Outlook for 2011-2012

Update : 06/01/12 - 15h08 Published by François Mayné the 16 December 2011, Corporate.

For the financial year ended September 30. 2011. and under difficult economic conditions, the CDA Group managed to contain the impact on its results of unpredictable economic and meteorological factors.

Dominique Marcel, Chairman and CEO of the Group stated “Environmental uncertainties, particularly the weather, affected the Group’s financial performance throughout the year despite measures taken to limit the impact. Costs associated with the implementation of our major development themes also weighed on FY results. even though such investments are vital for the Group to increase its value-creation in the medium term.

These projects are already paying off: for example the initial success of the Walibi brand relaunch, the announcement of the opening of a Musée Grévin in Montreal. and the launch - probably very soon - of a Grévin in Prague. In addition. the outlook for consulting on international projects is taking form. After the finalization of a twenty-year contract to manage and provide assistance for the ski area and principal resort of the 2014 Olympic Games in Sochi, Russia, other important projects are emerging both in Europe and in Asia for the coming years. More than ever, and despite short-term setbacks, the Group is determined to advance its economic model in order for it to achieve profitable growth in the medium term.” 


Group sales (€642 million +7.5% on a on a reported basis and -0.6% like for like) were hurt by particularly adverse weather


Annual sales for leisure parks (43% of total Group sales) amounted to €279 million, an increase of 20.6%. Leisure-park business was affected by significant changes in the scope of consolidation (consolidation of Futuroscope and disposal of a group of seven leisure parks). Like for like sales were nearly flat at -0.2%.

Visitor numbers rose 0.9% for the year. Receipts show that average visitor spending fell 1.1%. compared with last year because of a change in bartering products and a decline in sales as seen in expired unused tickets. Disregarding these two items, which are not accurate benchmarks for the business, average visitor spending remained stable.

After an insignificant first half business picked up in the third quarter, when all Group parks except the Musée Grévin contributed to a rise in quarterly sales of 8.6% like for like (3.6% like for like in the first nine months of the year). The fourth quarter experienced a downturn, particularly for weather-dependent sites. Overall. leisure-park sales were down 4% on an annual like-for-like basis.
Despite the difficult context; the Group enjoyed the initial benefits of its brand-deployment strategy. The relaunch of the Walibi brand was confirmed by solid visitor numbers - up by nearly 4.5% for the year - at the four Walibi parks, despite the poor weather in July and August.

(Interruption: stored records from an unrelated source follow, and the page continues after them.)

section \<open>The linear sections \<open>\<Theta>(e)\<close>\<close>

locale theta_configuration =
  fixes N d r m :: nat and l lam :: "nat \<Rightarrow> nat \<Rightarrow> complex"
    and S :: "(nat \<Rightarrow> nat) \<Rightarrow> nat \<Rightarrow> nat \<Rightarrow> complex"
  assumes r_le_N: "r \<le> N"
    and forms_indep: "lin_indep N (Suc r) l"
    and lam_inj: "\<And>i. i \<in> {1..r} \<Longrightarrow> inj_on (lam i) {..<d}"
    and points_indep: "\<And>e. e \<in> Delta r d \<Longrightarrow> lin_indep N m (S e)"
    and points_in_Theta: "\<And>e k. e \<in> Delta r d \<Longrightarrow> k < m \<Longrightarrow> S e k \<in> Theta_cone N r l lam e - Pi_cone N r l"
begin

definition theta_form :: "(nat \<Rightarrow> nat) \<Rightarrow> nat \<Rightarrow> nat \<Rightarrow> complex" where
  "theta_form e i = (\<lambda>j. l i j - lam i (e i) * l 0 j)"

lemma theta_forms_independent:
  assumes "\<forall>j\<le>N. (\<Sum>i\<in>{1..r}. b i * theta_form e i j) = 0" "i \<in> {1..r}"
  shows "b i = 0"
proof -
  define c where "c k = (if k = 0 then - (\<Sum>i\<in>{1..r}. b i * lam i (e i)) else b k)" for k
  have "\<forall>j\<le>N. (\<Sum>k<Suc r. c k * l k j) = 0"
  proof (intro allI impI)
    fix j assume j: "j \<le> N"
    have "{..<Suc r} = insert 0 {1..r}" by auto
    then have "(\<Sum>k<Suc r. c k * l k j) = c 0 * l 0 j + (\<Sum>k\<in>{1..r}. b k * l k j)"
      by (simp add: c_def)
    also have "\<dots> = (\<Sum>i\<in>{1..r}. b i * theta_form e i j)"
      by (simp add: c_def theta_form_def sum_distrib_left sum_distrib_right right_diff_distrib
          sum_subtractf mult_ac)
    finally show "(\<Sum>k<Suc r. c k * l k j) = 0" using assms(1) j by simp
  qed
  then have "c i = 0" using forms_indep assms(2) unfolding lin_indep_def by auto
  then show "b i = 0" using assms(2) by (simp add: c_def)
qed

definition theta_map :: "(nat \<Rightarrow> nat) \<Rightarrow> (nat \<Rightarrow> complex) \<Rightarrow> nat \<Rightarrow> complex" where
  "theta_map e x = (\<lambda>i. if i \<in> {1..r} then linf N (theta_form e i) x else 0)"

definition theta_adjoint :: "(nat \<Rightarrow> nat) \<Rightarrow> (nat \<Rightarrow> complex) \<Rightarrow> nat \<Rightarrow> complex" where
  "theta_adjoint e c = (\<lambda>j. if j \<le> N then (\<Sum>i\<in>{1..r}. c i * cnj (theta_form e i j)) else 0)"

lemma linear_theta_map: "Vector_Spaces.linear cscale cscale (theta_map e)"
  by (rule linear_cscaleI) (auto simp: theta_map_def linf_add linf_scale fun_eq_iff)

lemma linear_theta_adjoint: "Vector_Spaces.linear cscale cscale (theta_adjoint e)"
  by (rule linear_cscaleI)
     (auto simp: theta_adjoint_def fun_eq_iff sum.distrib distrib_right sum_distrib_left mult_ac)

lemma Theta_cone_eq_kernel: "Theta_cone N r l lam e = {x\<in>coord_space {..N}. theta_map e x = 0}"
  by (auto simp: Theta_cone_def coord_space_def theta_map_def fun_eq_iff theta_form_def linf_diff_coeffs)

lemma subspace_Theta_cone: "CV.subspace (Theta_cone N r l lam e)"
  unfolding Theta_cone_eq_kernel by (rule subspace_linear_kernel[OF linear_theta_map subspace_coord_space])

text \<open>For the Gram map, \<open>\<Sum>i. cnj (c i) * theta_map e (theta_adjoint e c) i\<close> is the squared norm
  of \<open>theta_adjoint e c\<close>.\<close>
lemma theta_gram_injective:
  assumes c: "c \<in> coord_space {1..r}" and zero: "theta_map e (theta_adjoint e c) = 0"
  shows "c = 0"
proof -
  define w where "w j = (\<Sum>i\<in>{1..r}. cnj (c i) * theta_form e i j)" for j
  have adj: "j \<le> N \<Longrightarrow> theta_adjoint e c j = cnj (w j)" for j
    by (simp add: theta_adjoint_def w_def)
  have "0 = (\<Sum>i\<in>{1..r}. cnj (c i) * theta_map e (theta_adjoint e c) i)" using zero by simp
  also have "\<dots> = (\<Sum>i\<in>{1..r}. \<Sum>j\<le>N. cnj (c i) * theta_form e i j * theta_adjoint e c j)"
    by (simp add: theta_map_def linf_def sum_distrib_left mult_ac)
  also have "\<dots> = (\<Sum>j\<le>N. w j * cnj (w j))"
    by (subst sum.swap) (simp add: w_def adj sum_distrib_right)
  also have "\<dots> = of_real (\<Sum>j\<le>N. (norm (w j))\<^sup>2)"
    by (simp only: complex_norm_square of_real_sum)
  finally have "(\<Sum>j\<le>N. (norm (w j))\<^sup>2) = 0" by (metis of_real_eq_0_iff)
  then have "\<forall>j\<le>N. w j = 0" by (subst (asm) sum_nonneg_eq_0_iff) auto
  then have "\<forall>i\<in>{1..r}. cnj (c i) = 0"
    using theta_forms_independent[of "\<lambda>i. cnj (c i)" e] unfolding w_def by blast
  then show "c = 0" using c by (auto simp: coord_space_def fun_eq_iff)
qed

lemma theta_map_onto: "theta_map e ` coord_space {..N} = coord_space {1..r}"
proof -
  let ?H = "\<lambda>c. theta_map e (theta_adjoint e c)"
  have lin: "Vector_Spaces.linear cscale cscale ?H"
    using Vector_Spaces.linear_compose[OF linear_theta_adjoint linear_theta_map] by (simp add: o_def)
  have "theta_adjoint e 0 = 0" "theta_map e 0 = 0"
    by (simp_all add: theta_adjoint_def theta_map_def fun_eq_iff linf_def)
  then have kernel: "{c\<in>coord_space {1..r}. ?H c = 0} = {0}"
    using theta_gram_injective CV.subspace_0[OF subspace_coord_space] by auto
  have "CV.dim {0::nat\<Rightarrow>complex} = 0" by (rule CV.dim_unique[of "{}"]) (auto simp: CV.independent_empty)
  moreover have "CV.dim (coord_space {1..r})
      = CV.dim {c\<in>coord_space {1..r}. ?H c = 0} + CV.dim (?H ` coord_space {1..r})"
    by (rule CVP.rank_nullity[OF lin subspace_coord_space, of "coord_unit ` {1..r}"])
       (simp_all add: coord_space_subset_span)
  ultimately have "CV.dim (?H ` coord_space {1..r}) = CV.dim (coord_space {1..r})"
    unfolding kernel by simp
  moreover have "?H ` coord_space {1..r} \<subseteq> coord_space {1..r}"
    by (auto simp: theta_map_def coord_space_def)
  ultimately have "coord_space {1..r} \<subseteq> ?H ` coord_space {1..r}"
    using CV.subset_subspace_if_dim_eq[OF subspace_linear_image[OF lin subspace_coord_space],
        where V = "coord_space {1..r}" and F = "coord_unit ` {1..r}"] coord_space_subset_span[of "{1..r}"] by blast
  moreover have "theta_adjoint e c \<in> coord_space {..N}" for c
    by (simp add: theta_adjoint_def coord_space_def)
  moreover have "theta_map e x \<in> coord_space {1..r}" for x
    by (simp add: theta_map_def coord_space_def)
  ultimately show ?thesis by blast
qed

lemma dim_Theta_cone: "CV.dim (Theta_cone N r l lam e) = N + 1 - r"
proof -
  have "CV.dim (coord_space {..N})
      = CV.dim {x\<in>coord_space {..N}. theta_map e x = 0} + CV.dim (theta_map e ` coord_space {..N})"
    by (rule CVP.rank_nullity[OF linear_theta_map subspace_coord_space, of "coord_unit ` {..N}"])
       (simp_all add: coord_space_subset_span)
  then show ?thesis
    by (simp add: Theta_cone_eq_kernel[symmetric] theta_map_onto dim_coord_space)
qed

section \<open>The jet map\<close>

definition weight :: "(nat \<Rightarrow> nat) \<Rightarrow> nat" where
  "weight e = (\<Sum>i\<in>{1..r}. e i)"

lemma weight_Delta: assumes "e \<in> Delta r d" shows "weight e + 3 \<le> d"
proof -
  have "int (weight e) \<le> int d - 3" using assms by (simp add: Delta_def weight_def)
  then show ?thesis by linarith
qed

lemma Delta_less: assumes "e \<in> Delta r d" "i \<in> {1..r}" shows "e i < d"
proof -
  have "e i \<le> weight e" unfolding weight_def using assms(2) by (intro member_le_sum) auto
  then show ?thesis using weight_Delta[OF assms(1)] by simp
qed
lemma generic_iff_nat:
  "c \<in> generic \<longleftrightarrow> c \<in> E \<and> (\<forall>n::nat. \<exists>l::nat. \<forall>J. \<exists>i j k. J \<le> j \<and>
     2 powr ((crit - 1 / (real n + 1)) * real j) / (real l + 1) < cmod (c i j k * wav \<psi> i j k x0))"
proof -
  have "(\<forall>\<gamma> < crit. grows_at_rate \<psi> c x0 \<gamma>) \<longleftrightarrow> (\<forall>n::nat. grows_at_rate \<psi> c x0 (crit - 1 / (real n + 1)))"
  proof
    assume rates: "\<forall>n::nat. grows_at_rate \<psi> c x0 (crit - 1 / (real n + 1))"
    show "\<forall>\<gamma> < crit. grows_at_rate \<psi> c x0 \<gamma>"
    proof (intro allI impI)
      fix \<gamma> assume "\<gamma> < crit"
      then obtain n :: nat where "1 / (real n + 1) < crit - \<gamma>"
        by (metis diff_gt_0_iff_gt nat_approx_posE of_nat_Suc add.commute)
      then show "grows_at_rate \<psi> c x0 \<gamma>"
        using rates grows_at_rate_mono[of \<psi> c x0 "crit - 1 / (real n + 1)" \<gamma>] by simp
    qed
  qed simp
  then show ?thesis by (simp add: generic_iff grows_at_rate_iff_nat)
qed

lemma generic_borel: "generic \<in> borel_sets (btop s p q)"
proof -
  interpret sigma_algebra E "borel_sets (btop s p q)" by (rule sigma_algebra_borel_btop)
  have basic: "{c \<in> E. c i j k \<in> {z. a / (real l + 1) < cmod (z * wav \<psi> i j k x0)}} \<in> borel_sets (btop s p q)"
    for i j k a l
    unfolding borel_sets_def
    by (intro sigma_sets.Basic CollectI openin_btop_coeff open_Collect_less continuous_intros)
  have eq: "generic = (\<Inter>n. \<Union>l. \<Inter>J. \<Union>i. \<Union>j \<in> {J..}. \<Union>k.
     {c \<in> E. c i j k \<in> {z. 2 powr ((crit - 1 / (real n + 1)) * real j) / (real l + 1)
                          < cmod (z * wav \<psi> i j k x0)}})"
    by (auto simp: generic_iff_nat Bex_def)
  show ?thesis unfolding eq by (intro countable_INT countable_UN image_subsetI basic) auto
qed

lemma prevalent_generic: "prevalent (btop s p q) generic"
proof -
  define g where "g = spread (single_coeff undefined 0 0 1)"
  have g: "g \<in> generic"
    unfolding g_def
    by (intro spread_generic single_coeff_in_bspace p_pos q_pos) (auto simp: single_coeff_def fun_eq_iff)
  interpret sigma_algebra E "borel_sets (btop s p q)" by (rule sigma_algebra_borel_btop)
  have "E - generic \<in> borel_sets (btop s p q)" using generic_borel by (rule compl_sets)
  moreover have "countable {t. cscale (of_real t) g \<in> (\<lambda>a. x + a) ` (E - generic)}" for x
  proof -
    define S where "S = {t. cscale (of_real t) g \<in> (\<lambda>a. x + a) ` (E - generic)}"
    have "t1 = t2" if t1: "t1 \<in> S" and t2: "t2 \<in> S" for t1 t2
    proof (rule ccontr)
      assume "t1 \<noteq> t2"
      obtain a1 a2 where a: "a1 \<in> E - generic" "a2 \<in> E - generic"
        "cscale (of_real t1) g = x + a1" "cscale (of_real t2) g = x + a2"
        using t1 t2 by (auto simp: S_def)
      then have "a1 - a2 = cscale (of_real (t1 - t2)) g"
        by (auto simp: cscale_def fun_eq_iff algebra_simps)
      then have "a1 - a2 \<in> generic" using generic_cscale[OF g] \<open>t1 \<noteq> t2\<close> by simp
      then show False using diff_nongeneric a(1,2) by blast
    qed
    then have "S \<subseteq> {t0}" if "t0 \<in> S" for t0 using that by blast
    then have "countable S" by (metis countable_empty countable_insert countable_subset ex_in_conv)
    then show ?thesis by (simp add: S_def)
  qed
  moreover have "g \<in> E" using g by (simp add: generic_iff)
  ultimately have "haar_null_borel (btop s p q) (E - generic)"
    by (intro haar_null_borel_by_line)
  then show ?thesis unfolding prevalent_def by auto
qed
(* Let $X$ be a distance-regular graph of diameter $4$ on $n$ vertices that is both bipartite and antipodal. Then $\mathrm{motion}(X)\geq 0.15\,n$.
   Context: A distance-regular graph of diameter $d$ is a connected graph such that for vertices $v,w$ at distance $i$ the numbers of neighbours of $w$ at distance $i-1,i,i+1$ from $v$ are constants depending only on $i$. It is antipodal if being at distance $d$ or equal is an equivalence relation on vertices. The motion of a graph is the minimum, over non-identity automorphisms, of the number of vertices not fixed. *)

theory Defs
  imports Main "HOL-Library.Extended_Nat"
begin

definition simple_graph :: "'a set \<Rightarrow> ('a \<Rightarrow> 'a \<Rightarrow> bool) \<Rightarrow> bool" where
  "simple_graph V E \<longleftrightarrow> finite V \<and> V \<noteq> {} \<and>
     (\<forall>u v. E u v \<longrightarrow> u \<in> V \<and> v \<in> V) \<and>
     (\<forall>u v. E u v \<longrightarrow> E v u) \<and> (\<forall>u. \<not> E u u)"

definition is_walk :: "'a set \<Rightarrow> ('a \<Rightarrow> 'a \<Rightarrow> bool) \<Rightarrow> 'a list \<Rightarrow> bool" where
  "is_walk V E xs \<longleftrightarrow> xs \<noteq> [] \<and> set xs \<subseteq> V \<and>
     (\<forall>i. Suc i < length xs \<longrightarrow> E (xs ! i) (xs ! Suc i))"

definition connected_graph :: "'a set \<Rightarrow> ('a \<Rightarrow> 'a \<Rightarrow> bool) \<Rightarrow> bool" where
  "connected_graph V E \<longleftrightarrow> (\<forall>u\<in>V. \<forall>v\<in>V. \<exists>xs. is_walk V E xs \<and> hd xs = u \<and> last xs = v)"

definition gdist :: "'a set \<Rightarrow> ('a \<Rightarrow> 'a \<Rightarrow> bool) \<Rightarrow> 'a \<Rightarrow> 'a \<Rightarrow> nat" where
  "gdist V E u v = (LEAST k. \<exists>xs. is_walk V E xs \<and> hd xs = u \<and> last xs = v \<and> length xs = Suc k)"

definition diameter :: "'a set \<Rightarrow> ('a \<Rightarrow> 'a \<Rightarrow> bool) \<Rightarrow> nat" where
  "diameter V E = Max {gdist V E u v | u v. u \<in> V \<and> v \<in> V}"

definition distance_regular :: "'a set \<Rightarrow> ('a \<Rightarrow> 'a \<Rightarrow> bool) \<Rightarrow> bool" where
  "distance_regular V E \<longleftrightarrow> simple_graph V E \<and> connected_graph V E \<and>
     (\<exists>c a b :: nat \<Rightarrow> nat. \<forall>v\<in>V. \<forall>w\<in>V.
        card {x \<in> V. E w x \<and> gdist V E v x + 1 = gdist V E v w} = c (gdist V E v w) \<and>
        card {x \<in> V. E w x \<and> gdist V E v x = gdist V E v w} = a (gdist V E v w) \<and>
        card {x \<in> V. E w x \<and> gdist V E v x = gdist V E v w + 1} = b (gdist V E v w))"

definition bipartite :: "'a set \<Rightarrow> ('a \<Rightarrow> 'a \<Rightarrow> bool) \<Rightarrow> bool" where
  "bipartite V E \<longleftrightarrow> (\<exists>f :: 'a \<Rightarrow> bool. \<forall>u\<in>V. \<forall>v\<in>V. E u v \<longrightarrow> f u \<noteq> f v)"

definition antipodal :: "'a set \<Rightarrow> ('a \<Rightarrow> 'a \<Rightarrow> bool) \<Rightarrow> bool" where
  "antipodal V E \<longleftrightarrow> equiv V {(u, v). u \<in> V \<and> v \<in> V \<and> (u = v \<or> gdist V E u v = diameter V E)}"

definition automorphism :: "'a set \<Rightarrow> ('a \<Rightarrow> 'a \<Rightarrow> bool) \<Rightarrow> ('a \<Rightarrow> 'a) \<Rightarrow> bool" where
  "automorphism V E \<sigma> \<longleftrightarrow> bij_betw \<sigma> V V \<and> (\<forall>u\<in>V. \<forall>v\<in>V. E (\<sigma> u) (\<sigma> v) \<longleftrightarrow> E u v)"

text \<open>Motion: minimum, over automorphisms that are not the identity on V, of the number of
non-fixed vertices; \<infinity> if there is no non-identity automorphism.\<close>
definition motion :: "'a set \<Rightarrow> ('a \<Rightarrow> 'a \<Rightarrow> bool) \<Rightarrow> enat" where
  "motion V E = (INF \<sigma> \<in> {\<sigma>. automorphism V E \<sigma> \<and> (\<exists>x\<in>V. \<sigma> x \<noteq> x)}.
                   enat (card {x \<in> V. \<sigma> x \<noteq> x}))"

end

theory Submission
  imports Defs
begin

text \<open>Write k = b 0 for the valency. Let \<sigma> be a non-identity automorphism; if it has no
  fixed vertex it moves all n vertices. Otherwise \<sigma> preserves the two sides of the bipartition,
  and connectivity yields a vertex u with d u (\<sigma> u) = 2. Every vertex a of the antipodal class
  F of u then also satisfies d a (\<sigma> a) = 2, so the k - c 2 neighbours of a that are not
  neighbours of \<sigma> a are moved; as antipodal vertices have disjoint neighbourhoods, \<sigma> moves at
  least |F| (k - c 2) vertices. On the other hand the neighbourhoods of F cover the side not
  containing u, and both sides have the same size, so n \<le> 2 |F| k. Finally 2 c 2 \<le> k, since a
  vertex at distance 2 from two antipodal vertices has disjoint sets of common neighbours with
  them. Altogether \<sigma> moves at least n / 4 vertices.\<close>

lemma is_walk_iff_successively:
  "is_walk V E xs \<longleftrightarrow> xs \<noteq> [] \<and> set xs \<subseteq> V \<and> successively E xs"
  by (simp add: is_walk_def successively_conv_nth)

lemma successively_last_invariant:
  assumes "successively E xs" "xs \<noteq> []" "P (hd xs)" and step: "\<And>a b. E a b \<Longrightarrow> P a \<Longrightarrow> P b"
  shows "P (last xs)"
  using assms(1-3)
proof (induction xs rule: induct_list012)
  case (3 x y zs)
  then have "P y" using step[of x y] by simp
  with 3 show ?case by simp
qed auto

lemma successively_parity:
  fixes f :: "'a \<Rightarrow> bool"
  assumes "successively E xs" "set xs \<subseteq> V" "xs \<noteq> []"
    and "\<forall>u\<in>V. \<forall>v\<in>V. E u v \<longrightarrow> f u \<noteq> f v"
  shows "f (hd xs) = f (last xs) \<longleftrightarrow> even (length xs - 1)"
  using assms(1-3)
proof (induction xs rule: induct_list012)
  case (3 x y zs)
  have "f x \<noteq> f y" using 3 assms(4) by auto
  moreover have "f y = f (last (y # zs)) \<longleftrightarrow> even (length zs)" using 3 by simp
  ultimately show ?case by auto
qed auto

lemma automorphism_in_vertices: "automorphism V E \<sigma> \<Longrightarrow> v \<in> V \<Longrightarrow> \<sigma> v \<in> V"
  unfolding automorphism_def by (blast intro: bij_betw_apply)

lemma automorphism_inv_into:
  assumes "automorphism V E \<sigma>"
  shows "automorphism V E (inv_into V \<sigma>)"
proof -
  have bij: "bij_betw \<sigma> V V" and adj: "\<forall>u\<in>V. \<forall>v\<in>V. E (\<sigma> u) (\<sigma> v) \<longleftrightarrow> E u v"
    using assms by (auto simp: automorphism_def)
  have inv_bij: "bij_betw (inv_into V \<sigma>) V V"
    using bij by (rule bij_betw_inv_into)
  have "E (inv_into V \<sigma> u) (inv_into V \<sigma> v) \<longleftrightarrow> E u v" if "u \<in> V" "v \<in> V" for u v
  proof -
    have "inv_into V \<sigma> u \<in> V" "inv_into V \<sigma> v \<in> V"
      using inv_bij that by (auto intro: bij_betw_apply)
    moreover have "\<sigma> (inv_into V \<sigma> u) = u" "\<sigma> (inv_into V \<sigma> v) = v"
      using bij that by (auto intro: bij_betw_inv_into_right)
    ultimately show ?thesis using adj by metis
  qed
  with inv_bij show ?thesis by (simp add: automorphism_def)
qed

Sales from ski areas (56% of total Group sales) came to €361 million, a decline of 1.1% (down 1.2% like for like). This minor downturn was due to lower real-estate transactions (€0.7 million. compared with €2.6 million in 2009-2010) and to a slight decline in ski-lift business down 0.7% like for like. Although the number of skier-days fell by 3.6% for the year, average revenue per skier-day rose 2.9% over the same period, despite a challenging economic environment. 

The sparse snowfall of the first half did not affect ski-area business even with an unfavorable schoolholiday schedule for the Christmas period. This year’s late Easter holidays and unusually high 
temperatures did have a considerable impact on visitor numbers in the third quarter. Business in the fourth quarter, which accounts for only 2% of annual activity, did not have a significant impact.
  
CDA continued its policy of capital expenditure in man-made snow and slope works. Thanks to CDA’s remarkable teamwork under difficult conditions, customers enjoyed quality skiing throughout the season. Customer surveys show that quality assurance of Group ski areas is at its highest since 2003, despite the poor economic and weather conditions.

Operating results were affected by the economy and by specific development costs


The operating results reflect the robustness of the ski-area model. the underperformance of leisure parks and the specific costs assumed for Group development which hurt margins in the short term.
 
Gross operating income (EBITDA) came to €159.5 million, a decline of 5% on a real basis and 7% like for like. 


In leisure parks, EBITDA fell 8.4% (21% like for like). Aside from the effects related to disappointing 
sales, EBITDA was affected by the following nonrecurring items: operating losses (€2.7 million) recorded for the seven sites disposed of for the period from October 1, 2010 to January 31, 2011 the disposal date; and exceptional costs incurred, particularly for the relaunch of the Walibi brand. 

In ski areas, EBITDA rose 1.5% on a comparable basis, despite the quasi-nil contribution of real-estate transactions (€1.3 million in 2009-2010). EBITDA was boosted by the €5.5 million settlement for operating losses from the Vanoise Express lawsuit. Adjusted for these items, EBITDA from ski lifts shows only a slight decline of approximately 2%. The ski-area activity once again proved the remarkable robustness of its economic model; and year after year, ski areas gain in their capacity to adapt to economic fluctuations.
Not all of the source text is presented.